[Data listing]

(* Let $T$ be a triangulation of an unpunctured bordered surface $(S,M)$. There are vertices $i,k$ of $Q_{\overline T}$ with a path $k\to i\to\tilde k$ if and only if $T$ contains (a triangulated) Möbius strip $M_2$ with two marked points, with $i$ being the non-t-mutable arc of this $M_2$ (the arc of $T$ inside $M_2$ whose flip is a one-sided closed curve).
   Context: Bordered surface: compact surface $S$ (possibly non-orientable) with nonempty boundary and a finite set $M$ of marked points on $\partial S$, at least one per boundary component; unpunctured: no interior marked points; monogon, digon, triangle excluded. Quasi-arcs: arcs (up to isotopy) not bounding a Möbius strip with one marked point, and one-sided simple closed curves; compatible = non-intersecting, or the unique arc and the unique one-sided curve inside some Möbius strip with one marked point. A quasi-triangulation is a maximal compatible set; a triangulation is one with no one-sided closed curve; an arc is t-mutable if its flip is again an arc. Orientable double cover $\overline{(S,M)}$: replace each cross-cap by a cylinder to get $\tilde S$, take two copies and glue corresponding new cylinder boundaries by the antipodal map (two oppositely oriented copies if $S$ is orientable). $T$ lifts to a triangulation $\overline T$; each arc/boundary segment $i$ has lifts $i,\tilde i$ ($\tilde{\tilde i}=i$). Adjacency quiver $Q_{\overline T}$: vertices are the arcs of $\overline T$ (and boundary segments receiving variables); for every triangle and sides $i,j$ with $j$ following $i$ in the orientation an arrow $i\to j$; 2-cycles cancelled. *)

theory Defs
  imports Main
begin

text \<open>Combinatorial model of a triangulation T of an unpunctured bordered surface (S,M).
  Triangles are elements of a finite set Tr; every triangle d carries a local orientation,
  its sides are (d,0),(d,1),(d,2) in this cyclic order, side (d,n) running from corner n to
  corner n+1 (mod 3).  The involution g glues sides: an arc of T is an orbit {s, g s} with
  g s ~= s, a boundary segment is a fixed point of g.  tw s says whether the gluing along
  the arc of s reverses the local orientations (twisted gluing), i.e. whether the two
  oriented triangles do NOT induce opposite orientations on the common edge.\<close>

definition sides :: "'t set \<Rightarrow> ('t \<times> nat) set" where
  "sides Tr = {(d, n). d \<in> Tr \<and> n < 3}"

text \<open>Identification of corners (corner (d,c) = start point of side (d,c)) induced by gluing.\<close>
definition corner_rel ::
  "'t set \<Rightarrow> ('t \<times> nat \<Rightarrow> 't \<times> nat) \<Rightarrow> ('t \<times> nat \<Rightarrow> bool) \<Rightarrow> 't \<times> nat \<Rightarrow> 't \<times> nat \<Rightarrow> bool" where
  "corner_rel Tr g tw c c' \<longleftrightarrow>
     (\<exists>d n d' n'. (d, n) \<in> sides Tr \<and> g (d, n) = (d', n') \<and> (d', n') \<noteq> (d, n) \<and>
        (if tw (d, n)
         then (c = (d, n) \<and> c' = (d', n')) \<or> (c = (d, Suc n mod 3) \<and> c' = (d', Suc n' mod 3))
         else (c = (d, n) \<and> c' = (d', Suc n' mod 3)) \<or> (c = (d, Suc n mod 3) \<and> c' = (d', n'))))"

definition same_vertex ::
  "'t set \<Rightarrow> ('t \<times> nat \<Rightarrow> 't \<times> nat) \<Rightarrow> ('t \<times> nat \<Rightarrow> bool) \<Rightarrow> 't \<times> nat \<Rightarrow> 't \<times> nat \<Rightarrow> bool" where
  "same_vertex Tr g tw = (\<lambda>x y. corner_rel Tr g tw x y \<or> corner_rel Tr g tw y x)\<^sup>*\<^sup>*"

definition boundary_corner :: "('t \<times> nat \<Rightarrow> 't \<times> nat) \<Rightarrow> 't \<times> nat \<Rightarrow> bool" where
  "boundary_corner g c \<longleftrightarrow>
     (g c = c \<or> g (fst c, (snd c + 2) mod 3) = (fst c, (snd c + 2) mod 3))"

definition tri_adj :: "('t \<times> nat \<Rightarrow> 't \<times> nat) \<Rightarrow> 't \<Rightarrow> 't \<Rightarrow> bool" where
  "tri_adj g d d' \<longleftrightarrow> (\<exists>n n'. n < 3 \<and> g (d, n) = (d', n'))"

text \<open>(Tr,g,tw) is a triangulation of an unpunctured bordered surface (connected, every
  marked point on the boundary, no arc bounding a Moebius strip with one marked point --
  combinatorially: no triangle has two of its sides glued by a twist -- and (S,M) not the
  triangle, i.e. at least one arc).\<close>
definition unpunctured_triangulation ::
  "'t set \<Rightarrow> ('t \<times> nat \<Rightarrow> 't \<times> nat) \<Rightarrow> ('t \<times> nat \<Rightarrow> bool) \<Rightarrow> bool" where
  "unpunctured_triangulation Tr g tw \<longleftrightarrow>
     finite Tr \<and> Tr \<noteq> {} \<and>
     (\<forall>s \<in> sides Tr. g s \<in> sides Tr \<and> g (g s) = s \<and> tw (g s) = tw s) \<and>
     (\<forall>d n m. (d, n) \<in> sides Tr \<and> g (d, n) = (d, m) \<and> m \<noteq> n \<longrightarrow> \<not> tw (d, n)) \<and>
     (\<forall>d \<in> Tr. \<forall>d' \<in> Tr. (tri_adj g)\<^sup>*\<^sup>* d d') \<and>
     (\<forall>c \<in> sides Tr. \<exists>c' \<in> sides Tr. boundary_corner g c' \<and> same_vertex Tr g tw c c') \<and>
     (\<exists>s \<in> sides Tr. g s \<noteq> s)"

text \<open>Lifted sides ((d,n),b): copy b of triangle d; copy True carries the reversed
  orientation.  The lift of the edge through side s in copy b.\<close>
definition ledge ::
  "('t \<times> nat \<Rightarrow> 't \<times> nat) \<Rightarrow> ('t \<times> nat \<Rightarrow> bool) \<Rightarrow> ('t \<times> nat) \<times> bool \<Rightarrow> (('t \<times> nat) \<times> bool) set" where
  "ledge g tw x = (if g (fst x) = fst x then {x}
                   else {x, (g (fst x), snd x \<noteq> tw (fst x))})"

text \<open>Vertices of the quiver: all arcs and boundary segments of the lifted triangulation.\<close>
definition qvertices ::
  "'t set \<Rightarrow> ('t \<times> nat \<Rightarrow> 't \<times> nat) \<Rightarrow> ('t \<times> nat \<Rightarrow> bool) \<Rightarrow> (('t \<times> nat) \<times> bool) set set" where
  "qvertices Tr g tw = {ledge g tw (s, b) | s b. s \<in> sides Tr}"

definition tilde :: "(('t \<times> nat) \<times> bool) set \<Rightarrow> (('t \<times> nat) \<times> bool) set" where
  "tilde E = (\<lambda>(s, b). (s, \<not> b)) ` E"

definition lnext :: "('t \<times> nat) \<times> bool \<Rightarrow> ('t \<times> nat) \<times> bool" where
  "lnext x = ((fst (fst x), if snd x then (snd (fst x) + 2) mod 3 else (snd (fst x) + 1) mod 3), snd x)"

[Brief] Only the lines containing the string "bounding" are needed; pull them out of the records.

[Answer section]
   Context: Bordered surface: compact surface $S$ (possibly non-orientable) with nonempty boundary and a finite set $M$ of marked points on $\partial S$, at least one per boundary component; unpunctured: no interior marked points; monogon, digon, triangle excluded. Quasi-arcs: arcs (up to isotopy) not bounding a Möbius strip with one marked point, and one-sided simple closed curves; compatible = non-intersecting, or the unique arc and the unique one-sided curve inside some Möbius strip with one marked point. A quasi-triangulation is a maximal compatible set; a triangulation is one with no one-sided closed curve; an arc is t-mutable if its flip is again an arc. Orientable double cover $\overline{(S,M)}$: replace each cross-cap by a cylinder to get $\tilde S$, take two copies and glue corresponding new cylinder boundaries by the antipodal map (two oppositely oriented copies if $S$ is orientable). $T$ lifts to a triangulation $\overline T$; each arc/boundary segment $i$ has lifts $i,\tilde i$ ($\tilde{\tilde i}=i$). Adjacency quiver $Q_{\overline T}$: vertices are the arcs of $\overline T$ (and boundary segments receiving variables); for every triangle and sides $i,j$ with $j$ following $i$ in the orientation an arrow $i\to j$; 2-cycles cancelled. *)
  marked point on the boundary, no arc bounding a Moebius strip with one marked point --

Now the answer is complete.